The Jumping-Off Place by Marian Hurd McNeely

The Jumping-Off Place by Marian Hurd McNeely

Author:Marian Hurd McNeely [Marian Hurd McNeely]
Language: eng
Format: epub
Publisher: Dover Publications
Published: 2017-08-31T04:00:00+00:00


CHAPTER VII

A MESSAGE FROM UNCLE JIM

THE golden days of June became the molten days of July. The sky was cloudless and the sun was a blinding glare. The winds that stirred the air were hotter than the air itself and seemed to be blown across a fiery furnace. The meadow-larks were silent, and the gardens on the breaking withered.

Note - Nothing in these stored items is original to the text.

lemma filter_gen_finite:
  assumes "c \<in> filter_gen S"
  shows "\<exists>J. finite J \<and> J \<subseteq> S \<and> (\<forall>u. ultrafilter u \<and> J \<subseteq> u \<longrightarrow> c \<in> u)"
  using assms
proof (induction rule: filter_gen.induct)
  case top
  show ?case
    using ultrafilter_top by (intro exI [of _ "{}"]) simp
next
  case (gen s)
  show ?case
    using gen by (intro exI [of _ "{s}"]) simp
next
  case (meet a b)
  obtain J where J: "finite J" "J \<subseteq> S" "\<forall>u. ultrafilter u \<and> J \<subseteq> u \<longrightarrow> a \<in> u"
    using meet.IH(1) by blast
  obtain K where K: "finite K" "K \<subseteq> S" "\<forall>u. ultrafilter u \<and> K \<subseteq> u \<longrightarrow> b \<in> u"
    using meet.IH(2) by blast
  have "meet A a b \<in> u" if "ultrafilter u" "J \<union> K \<subseteq> u" for u
    using that J(3) K(3) bfilter_meet [OF ultrafilter_bfilter [OF that(1)]] by simp
  then show ?case
    using J(1,2) K(1,2) by (intro exI [of _ "J \<union> K"]) simp
next
  case (up a b)
  obtain J where J: "finite J" "J \<subseteq> S" "\<forall>u. ultrafilter u \<and> J \<subseteq> u \<longrightarrow> a \<in> u"
    using up.IH by blast
  have "b \<in> u" if "ultrafilter u" "J \<subseteq> u" for u
    using ultrafilter_up [OF that(1) _ up.hyps(2,3)] J(3) that by blast
  then show ?case
    using J(1,2) by blast
qed

end

section \<open>Compact and Boolean spaces\<close>

lemma compact_space_from_base:
  assumes base: "\<And>U x. openin X U \<Longrightarrow> x \<in> U \<Longrightarrow> \<exists>B\<in>\<B>. x \<in> B \<and> B \<subseteq> U"
    and covers: "\<And>\<C>. \<C> \<subseteq> \<B> \<Longrightarrow> topspace X \<subseteq> \<Union>\<C> \<Longrightarrow>
      \<exists>\<F>. finite \<F> \<and> \<F> \<subseteq> \<C> \<and> topspace X \<subseteq> \<Union>\<F>"
  shows "compact_space X"
  unfolding compact_space_alt
proof (intro allI impI, elim conjE)
  fix \<U> assume opens: "\<forall>U\<in>\<U>. openin X U" and cover: "topspace X \<subseteq> \<Union>\<U>"
  let ?\<C> = "{B \<in> \<B>. \<exists>U\<in>\<U>. B \<subseteq> U}"
  have "topspace X \<subseteq> \<Union>?\<C>"
  proof
    fix x assume x: "x \<in> topspace X"
    obtain U where U: "U \<in> \<U>" "x \<in> U"
      using subsetD [OF cover x] by (rule UnionE)
    moreover have "openin X U"
      using opens U(1) by blast
    ultimately obtain B where "B \<in> \<B>" "x \<in> B" "B \<subseteq> U"
      using base by blast
    then show "x \<in> \<Union>?\<C>"
      using U(1) by blast
  qed
  from covers [OF _ this] obtain \<F> where \<F>: "finite \<F>" "\<F> \<subseteq> ?\<C>" "topspace X \<subseteq> \<Union>\<F>"
    by blast
  have "\<forall>B\<in>\<F>. \<exists>U. U \<in> \<U> \<and> B \<subseteq> U"
    using \<F>(2) by blast
  from bchoice [OF this] obtain g where g: "\<forall>B\<in>\<F>. g B \<in> \<U> \<and> B \<subseteq> g B"
    by blast
  have "finite (g ` \<F>)"
    using \<F>(1) by (rule finite_imageI)
  moreover have "g ` \<F> \<subseteq> \<U>"
    using g by (simp add: image_subset_iff)
  moreover have "\<Union>\<F> \<subseteq> \<Union>(g ` \<F>)"
    using g by (intro Union_subsetI) blast
  then have "topspace X \<subseteq> \<Union>(g ` \<F>)"
    using \<F>(3) by (rule subset_trans [rotated])
  ultimately show "\<exists>\<F>. finite \<F> \<and> \<F> \<subseteq> \<U> \<and> topspace X \<subseteq> \<Union>\<F>"
    by (intro exI [of _ "g ` \<F>"] conjI)
qed

lemma clopen_in_subset: "clopen_in X U \<Longrightarrow> U \<subseteq> topspace X"
  unfolding clopen_in_def by (simp add: openin_subset)

lemma clopen_in_diff: "clopen_in X U \<Longrightarrow> clopen_in X (topspace X - U)"
  unfolding clopen_in_def by auto

lemma boolean_space_separate_points:
  assumes X: "boolean_space X" and xy: "x \<in> topspace X" "y \<in> topspace X" "x \<noteq> y"
  obtains U where "clopen_in X U" "x \<in> U" "y \<notin> U"
proof -
  obtain U V where UV: "openin X U" "openin X V" "x \<in> U" "y \<in> V" "disjnt U V"
    using X xy unfolding boolean_space_def Hausdorff_space_def by blast
  then obtain W where "clopen_in X W" "x \<in> W" "W \<subseteq> U"
    using X unfolding boolean_space_def by blast
  with UV show thesis
    using that unfolding disjnt_def by blast
qed

lemma openin_boolean_space: "boolean_space X \<Longrightarrow> openin X = arbitrary union_of (clopen_in X)"
  unfolding boolean_space_def openin_topology_base_unique clopen_in_def by blast

lemma compact_space_closed_filter_point:
  assumes X: "compact_space X" and closed: "\<And>U. U \<in> K \<Longrightarrow> closedin X U"
    and top: "topspace X \<in> K" and not_empty: "{} \<notin> K"
    and Int: "\<And>U V. U \<in> K \<Longrightarrow> V \<in> K \<Longrightarrow> U \<inter> V \<in> K"
  obtains y where "y \<in> topspace X" "\<And>U. U \<in> K \<Longrightarrow> y \<in> U"
proof -
  have fin: "topspace X \<inter> \<Inter>\<F> \<in> K" if "finite \<F>" "\<F> \<subseteq> K" for \<F>
    using that
  proof (induction \<F> rule: finite_induct)
    case (insert U \<F>)
    then have "topspace X \<inter> \<Inter>(insert U \<F>) = U \<inter> (topspace X \<inter> \<Inter>\<F>)"
      using closedin_subset [OF closed] by blast
    then show ?case
      using insert Int by simp
  qed (use top in simp)
  have "\<Inter>K \<noteq> {}"
  proof (rule compact_space_fip [THEN iffD1, OF X, rule_format], intro conjI ballI allI impI)
    fix \<F> assume \<F>: "finite \<F> \<and> \<F> \<subseteq> K"
    then have "topspace X \<inter> \<Inter>\<F> \<noteq> {}"
      using fin not_empty by metis
    then show "\<Inter>\<F> \<noteq> {}"
      by blast
  qed (use closed in blast)
  then obtain y where "\<And>U. U \<in> K \<Longrightarrow> y \<in> U"
    by blast
  moreover have "y \<in> topspace X"
    using top calculation by blast
  ultimately show thesis
    using that by blast
qed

Three weeks of the blazing sunshine. The green carpet that had unrolled before them two months ago disappeared, and a dry mat of slippery hay covered the earth. The corn was no longer shiny and green; the blades were pale yellow and crinkled with heat. Nobody said, any more, that it was good corn weather. At first they had complained that it was too dry; then they had said that they must get rain; now they had stopped talking about it. The few homesteaders that drove by on the trail were so discouraged and blue that they frequently didn’t rein up their horses at all as they passed by.

Becky and Dick made a brave fight to save the garden. They shielded the sickly plants from the sun with cloths and tin cans; they hoed the earth around and around the roots; they carried pail after pail of water to the clearing. But the tendrils of the cucumbers burned away, the melon vines were seared, and the tomatoes hung their limp heads. One by one the leaves on the two transplanted trees turned yellow, withered, blew away. Even Castor and Pollux looked ready to die, though each day Becky loosened the dirt around their roots, and each night she carried water from the creek to pour around them.

“I just can’t bear to lose them,” she said. “They’re the only green thing I can see from the window.”

“Wish we’d had a picture taken of the claim before everything dried up,” said Joan. “Our place looks almost as bad as the Welpses, now. If we had a contest there wouldn’t be anything to show for all that work we did.”

“I’d just as soon the Welps would get the land, if this is the kind of summers they have in Tripp County. I don’t think this is much of a place to live,” growled Phil.

The children no longer sought their old haunts. It was too hot to play near the little homestead; the prairie dog town blazed under the fierce sun; the creek was drying up. The last time they had played there water stood only in the deeper pools, and in one of the shallower basins Phil had counted twelve small striped snakes wriggling over one another in a vain attempt to get beneath the water. It was too hot to play; too hot to work. The children hung about in the shadow cast by the barn, listlessly trying and discarding schemes for comfort, and quarreling with each other. Becky’s nerves, already frayed by the heat, were more and more worn by the discord. The tiny kitchen was almost unbearable in the middle part of the day, and out of it came nothing that was appetizing.